The Texas Nail is described by its creator as a novelty item. A pack of 24 one-inch nails with the state of Texas emblazoned on the head carries an MSRP of $9.99 a box.

But the product lends itself well to some serious business issues. Among them are the cost of steel, the power of price optimization, the role of international trade and the willingness of consumers to buy American.

Sold in a handful of stores in Texas, including Elliott’s Hardware’s Plano store, the Texas Nail Company is the brainchild of William Kilgore, a retired tech-industry business executive from Dallas. Armed with a design patent (pending) for nails with the shape of Texas on the head, Kilgore turned to Maze Nails of Illinois to the produce the product.

The product is also sold through the Texas Nail Company web site. After a little more than a year in business, Kilgore says business is good. Customers range from nail collectors to backyard builders all over the state. People who are proud of their Texas roots and want to include a few real Texas nails in their projects.

The sweet spot for demand comes from customers in their 50s or 60s, woodworkers, and furniture makers with positive feelings about Texas.

“If you’ve ever lived in Texas, you know it’s a unique culture,” he said. “I don’t know if it’s because Texas is the only state that was actually a country before it was a state, but there is a lot of pride here. We catch a lot of grief for our pride, and that can be interpreted as positive or negative.”

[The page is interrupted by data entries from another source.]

lemma Qcube_iff: "x \<in> Qcube \<longleftrightarrow> (\<forall>n. x n \<in> {-1..1})"
  by (simp add: Qcube_def PiE_UNIV_domain Pi_iff)

lemma Qopen_iff: "x \<in> Qopen \<longleftrightarrow> (\<forall>n. x n \<in> {-1<..<1})"
  by (simp add: Qopen_def PiE_UNIV_domain Pi_iff)

lemma Qopen_subset_Qcube: "Qopen \<subseteq> Qcube"
  using less_imp_le by (fastforce simp: Qopen_iff Qcube_iff)

lemma K_filter_subset_Qcube: "K_filter F \<subseteq> Qcube"
  by (auto simp: K_filter_def)

lemma compact_Qcube: "compact Qcube"
proof -
  have "compactin (product_topology (\<lambda>_. euclideanreal) UNIV) Qcube"
    unfolding Qcube_def by (simp add: compactin_PiE)
  then show ?thesis by (simp add: euclidean_product_topology)
qed

lemma Qtop_eq: "Qtop = top_of_set Qcube"
  by (simp add: Qtop_def euclidean_product_topology)

lemma K_filter_perturb:
  assumes F: "free_filter F" and x: "x \<in> K_filter F" and y: "y \<in> Qcube"
    and close: "\<And>n. \<bar>y n - x n\<bar> \<le> \<delta> n" and \<delta>: "\<delta> \<longlonglongrightarrow> 0"
  shows "y \<in> K_filter F"
  unfolding K_filter_def
proof (intro CollectI conjI allI y)
  fix m :: nat
  have upward: "\<And>A B. A \<in> F \<Longrightarrow> A \<subseteq> B \<Longrightarrow> B \<in> F"
    and inter: "\<And>A B. A \<in> F \<Longrightarrow> B \<in> F \<Longrightarrow> A \<inter> B \<in> F"
    and cofinite: "\<And>A. finite (UNIV - A) \<Longrightarrow> A \<in> F"
    using F by (auto simp: free_filter_def is_filter_on_nat_def)
  let ?\<epsilon> = "(1/2::real) ^ Suc m"
  have x_small: "{n. \<bar>x n\<bar> < ?\<epsilon>} \<in> F" using x unfolding K_filter_def by blast
  have \<delta>_small: "{n. \<delta> n < ?\<epsilon>} \<in> F"
  proof (rule cofinite)
    have "eventually (\<lambda>n. \<delta> n < ?\<epsilon>) cofinite"
      using order_tendstoD(2)[OF \<delta>, of ?\<epsilon>] by (simp add: cofinite_eq_sequentially)
    then show "finite (UNIV - {n. \<delta> n < ?\<epsilon>})"
      by (simp add: eventually_cofinite Compl_eq_Diff_UNIV[symmetric] Collect_neg_eq)
  qed
  have "{n. \<bar>x n\<bar> < ?\<epsilon>} \<inter> {n. \<delta> n < ?\<epsilon>} \<subseteq> {n. \<bar>y n\<bar> < (1/2)^m}"
  proof
    fix n assume "n \<in> {n. \<bar>x n\<bar> < ?\<epsilon>} \<inter> {n. \<delta> n < ?\<epsilon>}"
    then have "\<bar>x n\<bar> < ?\<epsilon>" "\<delta> n < ?\<epsilon>" by auto
    then have "\<bar>y n\<bar> < 2 * ?\<epsilon>" using close[of n] by linarith
    then show "n \<in> {n. \<bar>y n\<bar> < (1/2)^m}" by simp
  qed
  then show "{n. \<bar>y n\<bar> < (1/2)^m} \<in> F"
    by (rule upward[OF inter[OF x_small \<delta>_small]])
qed

lemma K_filter_perturb_iff:
  assumes "free_filter F" and "x \<in> Qcube" and "y \<in> Qcube"
    and "\<And>n. \<bar>y n - x n\<bar> \<le> \<delta> n" and "\<delta> \<longlonglongrightarrow> 0"
  shows "y \<in> K_filter F \<longleftrightarrow> x \<in> K_filter F"
  using K_filter_perturb[of F x y \<delta>] K_filter_perturb[of F y x \<delta>] assms
  by (auto simp: abs_minus_commute)

definition Q_automorphism :: "nat set set \<Rightarrow> ((nat \<Rightarrow> real) \<Rightarrow> nat \<Rightarrow> real) \<Rightarrow> bool" where
  "Q_automorphism F h \<longleftrightarrow>
     homeomorphic_map Qtop Qtop h \<and> h ` Qopen = Qopen \<and> h ` K_filter F = K_filter F"

lemma Q_automorphism_comp:
  "Q_automorphism F f \<Longrightarrow> Q_automorphism F g \<Longrightarrow> Q_automorphism F (g \<circ> f)"
  unfolding Q_automorphism_def image_comp[symmetric] by (auto intro: homeomorphic_map_compose)

lemma image_eq_if_preserved:
  assumes "A \<subseteq> S" and "h ` S = S" and "\<And>x. x \<in> S \<Longrightarrow> h x \<in> A \<longleftrightarrow> x \<in> A"
  shows "h ` A = A"
  using assms by (auto simp: image_iff) (metis image_iff subsetD)

lemma Q_automorphismI:
  assumes cont: "continuous_on Qcube h" and inj: "inj_on h Qcube" and onto: "h ` Qcube = Qcube"
    and preserves_Qopen: "\<And>x. x \<in> Qcube \<Longrightarrow> h x \<in> Qopen \<longleftrightarrow> x \<in> Qopen"
    and preserves_K: "\<And>x. x \<in> Qcube \<Longrightarrow> h x \<in> K_filter F \<longleftrightarrow> x \<in> K_filter F"
  shows "Q_automorphism F h"
proof -
  obtain g where "homeomorphism Qcube Qcube h g"
    using homeomorphism_compact[OF compact_Qcube cont onto inj] by blast
  then have "homeomorphic_maps Qtop Qtop h g"
    unfolding Qtop_eq by (force simp: homeomorphic_maps_def homeomorphism_def)
  then have "homeomorphic_map Qtop Qtop h"
    using homeomorphic_map_maps by blast
  then show ?thesis
    unfolding Q_automorphism_def
    using image_eq_if_preserved[OF Qopen_subset_Qcube onto preserves_Qopen]
      image_eq_if_preserved[OF K_filter_subset_Qcube onto preserves_K]
    by simp
qed
lemma m0_obj_perturb_away:
  assumes hy: "cw_regime \<beta> h" and u: "\<bar>u\<bar> \<le> 1" and v: "\<bar>v\<bar> \<le> 1" and "r > 0"
  obtains \<delta>1 where "\<delta>1 > 0" "\<And>\<delta> x. 0 < \<delta> \<Longrightarrow> \<delta> < \<delta>1 \<Longrightarrow> r \<le> \<bar>x - m0 \<beta> h\<bar>
      \<Longrightarrow> m0_obj (\<beta> + \<delta> * u) (h + \<delta> * v) x \<le> m0_obj \<beta> h (m0 \<beta> h) - \<delta> * (3/2)"
proof -
  let ?\<Phi> = "m0_obj \<beta> h (m0 \<beta> h)"
  have \<beta>: "\<beta> > 0"
    using hy unfolding cw_regime_def by simp
  have max: "m0_obj \<beta> h y \<le> ?\<Phi>" for y
    using m0_maximises[OF hy] unfolding maximises_m0_obj_def by blast
  obtain X where "X \<ge> 1" and far: "\<And>\<beta>' h' x. \<beta> / 2 \<le> \<beta>' \<Longrightarrow> \<beta>' \<le> 2 * \<beta>
      \<Longrightarrow> \<bar>h'\<bar> \<le> \<bar>h\<bar> + 1 \<Longrightarrow> X \<le> \<bar>x\<bar> \<Longrightarrow> m0_obj \<beta>' h' x \<le> ln 2 - 1"
    using m0_obj_small_far[OF \<beta>, of h] by blast
  obtain \<gamma> where "\<gamma> > 0" and gap: "\<And>x. r \<le> \<bar>x - m0 \<beta> h\<bar> \<Longrightarrow> m0_obj \<beta> h x \<le> ?\<Phi> - \<gamma>"
    using m0_obj_gap[OF hy \<open>r > 0\<close>] by blast
  define K where "K = X + 1 + X\<^sup>2 / 2"
  have "K \<ge> 0"
    unfolding K_def using \<open>X \<ge> 1\<close> by simp
  show thesis
  proof (rule that)
    show "min (min (\<beta> / 2) (1 / 2)) (\<gamma> / (K + 3/2)) > 0"
      using \<beta> \<open>\<gamma> > 0\<close> \<open>K \<ge> 0\<close> by simp
    fix \<delta> x
    assume "0 < \<delta>" "\<delta> < min (min (\<beta> / 2) (1 / 2)) (\<gamma> / (K + 3/2))" and x: "r \<le> \<bar>x - m0 \<beta> h\<bar>"
    then have \<delta>: "0 < \<delta>" "\<delta> \<le> \<beta> / 2" "\<delta> \<le> 1 / 2" "\<delta> * (K + 3/2) \<le> \<gamma>"
      using \<open>K \<ge> 0\<close> pos_less_divide_eq[of "K + 3/2" \<delta> \<gamma>] by auto
    show "m0_obj (\<beta> + \<delta> * u) (h + \<delta> * v) x \<le> ?\<Phi> - \<delta> * (3/2)"
    proof (cases "X \<le> \<bar>x\<bar>")
      case True
      have "\<bar>\<delta> * u\<bar> \<le> \<delta>" "\<bar>\<delta> * v\<bar> \<le> \<delta>"
        using u v \<delta>(1) by (auto simp: abs_mult mult_left_le)
      then have "m0_obj (\<beta> + \<delta> * u) (h + \<delta> * v) x \<le> ln 2 - 1"
        using \<delta>(2,3) True by (intro far) (auto simp: abs_le_iff)
      also have "ln 2 - 1 \<le> ?\<Phi> - \<delta> * (3/2)"
        using max[of 0] ln_two_le_m0_obj_zero[of \<beta> h] \<delta>(3) by simp
      finally show ?thesis .
    next
      case False
      have "(u * x + v) * tanh ((\<beta> + \<delta> * u) * x + (h + \<delta> * v)) - u * x\<^sup>2 / 2 \<le> K"
        unfolding K_def using False by (intro perturbed_slope_bounded u v) simp
      then have "\<delta> * ((u * x + v) * tanh ((\<beta> + \<delta> * u) * x + (h + \<delta> * v)) - u * x\<^sup>2 / 2) \<le> \<delta> * K"
        using \<delta>(1) by (simp add: mult_left_mono)
      then have "m0_obj (\<beta> + \<delta> * u) (h + \<delta> * v) x \<le> m0_obj \<beta> h x + \<delta> * K"
        using m0_obj_perturb_le[of \<beta> \<delta> u h v x] by linarith
      then show ?thesis
        using gap[OF x] \<delta>(4) by (simp add: algebra_simps)
    qed
  qed
qed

“Somebody mentioned on my Facebook page that anything that you can think of that could possibly be made in the shape of Texas, it will be made and people will buy it,” he said. “I would love to be able to say: ‘it’s made in Texas,’ but that’s  not possible, at least not now,” he said. “We’re based in Texas, we package them here, but they’re made in Chicago.”

At Maze Nails Co. factory in Illinois, Kilgore says he invested in a block mold that pounds the aluminum nails with the state of Texas design into shape.  Originally, Kilgore though steel would be the better material for the Texas Nail, but aluminum has advantages. “It actually works out better,” he said. “It’s a bit shinier.” And original concerns over durability of the protruding image of the state of Texas have faded. Square hits to the head produce no distortion, he said.

Maze Nails shares a made-in-USA approach and philosophy with Kilgore. "They are outstanding partners," Kilgore said. "They've been most supportive and have a very high-quality production."

Imported nails could be cheaper to produce, but the optics of a Texas nail made in China doesn’t sit well with Kilgore, and it wouldn’t sit well with consumers, he says. “I get the sense that whether or not you buy exclusively Made-in-the-USA products, almost every U.S. citizen at least to a degree has a positive reaction to ‘made-in-the-USA,’” he said.

Kilgore also seeks to benefit from the movement among independent hardware stores to promote items that support local manufacturers and create differentiation in the store.

At retail, the company experimented with a larger box of 48 nails for $12.99, but the scaled back 24 for $9.99 worked out better. His thinking: “It’s a novelty item,” he said. “You’re probably not going to use 100 of them to build a house.”

He describes business as “outstanding,” but not strong enough to leap into other states with California nails or New York nails, for instance. Not yet, anyway.

“And if I can get them into a few more stores, I think it would take off a bit,” he said.